Task ->
Copy each line of the material beneath that holds the word "forall".

════

(* Every positive stochastic choice function on a finite set $X$ is an unrestricted cross-nested logit.
   Context: $X$ is a finite set, $\mathscr{A}$ the nonempty subsets; a stochastic choice function is $p:X\times\mathscr{A}\to[0,1]$ with $\sum_{a\in A}p(a,A)=1$, $p(x,A)=0$ for $x\notin A$, and (positivity) $p(a,A)>0$ for $a\in A$. $p$ is an unrestricted generalized nested logit if there exist a collection of subsets $X_1,\dots,X_K$ of $X$ (not necessarily disjoint), numbers $\alpha^k_x\ge 0$ ($k\le K$, $x\in X$) with $\sum_{k=1}^K\alpha^k_x=1$ for each $x$ and $\alpha^k_x=0$ iff $x\notin X_k$, a function $u:X\to\mathbb{R}_{++}$ and parameters $\lambda_1,\dots,\lambda_K>0$ such that for every $A\in\mathscr{A}$ and $x\in A$, $p(x,A)=\sum_{k:\,x\in A\cap X_k}\frac{(\alpha^k_x u(x))^{1/\lambda_k}}{\sum_{y\in A\cap X_k}(\alpha^k_y u(y))^{1/\lambda_k}}\cdot\frac{\Big(\sum_{y\in A\cap X_k}(\alpha^k_y u(y))^{1/\lambda_k}\Big)^{\lambda_k}}{\sum_{l:\,A\cap X_l\ne\emptyset}\Big(\sum_{z\in A\cap X_l}(\alpha^l_z u(z))^{1/\lambda_l}\Big)^{\lambda_l}}$. It is an unrestricted cross-nested logit if moreover $\lambda_k=\lambda_{k'}$ for all $k,k'\le K$. *)

theory Defs
  imports Complex_Main
begin

definition stoch_choice :: "'a set \<Rightarrow> ('a \<Rightarrow> 'a set \<Rightarrow> real) \<Rightarrow> bool" where
  "stoch_choice X p \<longleftrightarrow>
     (\<forall>A. A \<subseteq> X \<and> A \<noteq> {} \<longrightarrow>
        (\<forall>x\<in>X. 0 \<le> p x A \<and> p x A \<le> 1) \<and>
        (\<Sum>a\<in>A. p a A) = 1 \<and>
        (\<forall>x\<in>X. x \<notin> A \<longrightarrow> p x A = 0))"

════

Solution to this task ->
     (\<forall>A. A \<subseteq> X \<and> A \<noteq> {} \<longrightarrow>
        (\<forall>x\<in>X. 0 \<le> p x A \<and> p x A \<le> 1) \<and>
        (\<forall>x\<in>X. x \<notin> A \<longrightarrow> p x A = 0))"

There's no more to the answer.